Moreover, Timken introduced evidence showing that in each and every one of the cancellation instances referred to in the documents relied upon by the Commission, the dealer in question had brought about his own cancellation by either failing to purchase any Timken bearings for a long period of time, or by requesting that he be cancelled.

Finally, numerous Timken officials testified that their company had no such exclusive dealing policy, and that its dealers did handle competitive bearings with the full knowledge and consent of the company, so long as their primary effort was devoted to the Timken line. It is important to note here that the Hearing Examiner, who saw and heard the witnesses, stated that he believed all who testified on behalf of Timken.

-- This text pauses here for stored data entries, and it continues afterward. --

end
lemma entry_prefix_mat_Suc:
  "entry_prefix_mat k M (Suc p) = entry_prefix_mat k M p +
     (if p < k * k then M $$ (p div k, p mod k) \<cdot>\<^sub>m single_entry_mat k (p div k) (p mod k) else 0\<^sub>m k k)"
proof (rule eq_matI)
  fix a b assume "a < dim_row (entry_prefix_mat k M p +
     (if p < k * k then M $$ (p div k, p mod k) \<cdot>\<^sub>m single_entry_mat k (p div k) (p mod k) else 0\<^sub>m k k))"
    "b < dim_col (entry_prefix_mat k M p +
     (if p < k * k then M $$ (p div k, p mod k) \<cdot>\<^sub>m single_entry_mat k (p div k) (p mod k) else 0\<^sub>m k k))"
  then have ab: "a < k" "b < k"
    by (simp_all add: entry_prefix_mat_def single_entry_mat_def split: if_split_asm)
  then have "a * k + b = p \<Longrightarrow> p < k * k" using row_major_index_less by blast
  then show "entry_prefix_mat k M (Suc p) $$ (a, b) = (entry_prefix_mat k M p +
     (if p < k * k then M $$ (p div k, p mod k) \<cdot>\<^sub>m single_entry_mat k (p div k) (p mod k) else 0\<^sub>m k k)) $$ (a, b)"
    using ab row_major_index_eq_iff[OF ab(2)]
    by (auto simp add: entry_prefix_mat_def single_entry_mat_def less_Suc_eq)
qed (simp_all add: entry_prefix_mat_def single_entry_mat_def)
lemma line_scale: "(c::'K::field) \<noteq> 0 \<Longrightarrow> line (c *s a) = line a"
  unfolding line_def by (simp add: ldot_scale_left)

lemma scale_image_line:
  assumes "(d::'K::field) \<noteq> 0" shows "(\<lambda>v. d *s v) ` line a = line a"
proof
  show "(\<lambda>v. d *s v) ` line a \<subseteq> line a" unfolding line_def by (auto simp: ldot_scale_right)
  show "line a \<subseteq> (\<lambda>v. d *s v) ` line a"
  proof
    fix v assume "v \<in> line a"
    then have "inverse d *s v \<in> line a" unfolding line_def by (simp add: ldot_scale_right)
    moreover have "v = d *s (inverse d *s v)" using assms by simp
    ultimately show "v \<in> (\<lambda>v. d *s v) ` line a" by blast
  qed
qed

lemma image_line:
  assumes "invertible (A::'K::field^3^3)"
  shows "(\<lambda>v. A *v v) ` line a = line (a v* matrix_inv A)"
proof -
  have "x \<in> (\<lambda>v. A *v v) ` line a \<longleftrightarrow> matrix_inv A *v x \<in> line a" for x
    using matrix_inv_cancel_vector[OF assms] by (metis image_iff)
  then show ?thesis unfolding line_def by (auto simp: ldot_matrix_vector_mult)
qed

lemma image_lines_mult: "image_lines (A ** B) X = image_lines A (image_lines B X)"
  unfolding image_lines_def by (simp add: image_image matrix_vector_mul_assoc[symmetric])

lemma image_lines_mono: "X \<subseteq> Y \<Longrightarrow> image_lines A X \<subseteq> image_lines A Y"
  unfolding image_lines_def by blast

lemma image_lines_matrix_inv:
  assumes "invertible (A::'K::field^3^3)"
  shows "image_lines (matrix_inv A) (image_lines A X) = X"
    "image_lines A (image_lines (matrix_inv A) X) = X"
  by (simp_all add: image_lines_def image_image matrix_inv_cancel_vector[OF assms])

lemma image_lines_conj_eq_iff:
  assumes "invertible (P::'K::field^3^3)"
  shows "image_lines R (image_lines (matrix_inv P) X) = image_lines (matrix_inv P) X
         \<longleftrightarrow> image_lines (P ** R ** matrix_inv P) X = X"
  using image_lines_matrix_inv[OF assms] by (metis image_lines_mult)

Even if the testimony of the single jobber who testified that he was can-celled by Timken for dealing in competitive bearings be true, this isolated instance does not constitute substantial evidence of a consistent policy of exclusive dealing such as would justify entry of the cease and desist order here under review. Nor can the documents alone be substantial evidence of such a policy, inasmuch as, even if these reports show ■.that Timken cancelled dealers’ accounts Ibecause they were dealing in competitive bearings, this alone is not illegal. Perhaps the rule has best been stated for our purposes in the following language: .“The anti-trust laws do not prohibit a manufacturer or distributor from selecting dealers who will devote their time and energies to selling the former’s products and a manufacturer is not compelled to retain dealers having divided loyalties adverse to the interests of the said manufacturer or distributor.” McElhenny Co., Inc. v. Western Auto Supply Co., 167 F. Supp. 949, at page 954, affirmed 269 F.2d 332 (C.A. 4).

A seller has the right to select his own customers. This right is protected by the Clayton Act, itself. 15 U.S. C.A., § 13. The right has ben recognized by the authorities, even where it was not expressly provided for by the statute. United States v. Colgate & Company, 250 U.S. 300, 39 S.Ct. 465, 63 L.Ed. 992; Times-Picayune Publishing Company v. United States, 345 U.S. 594, 73 S.Ct. 872, 97 L.Ed. 1277; Naif eh v. Ronson Art Metal Works, 218 F.2d 202 (C.A. 10). To uphold the order entered by the Commission in this ease would be, in effect, to destroy this right. Here there has been proved no “condition, agreement or understanding” such as has been made unlawful by the Act. Nor has there been proved any consistent policy of exclusive ’ dealing as was alleged in the Complaint. All that has been proved here is that a seller has exercised its right to select the people to whom it will sell.

We are of opinion, therefore, that the cease and desist order entered by the Commission against the petitioner, Tim-ken, should be set aside, inasmuch as it is not supported by substantial evidence in the record considered as a whole.

The Complaint against Timken Roller Bearing Company is ordered to be dismissed.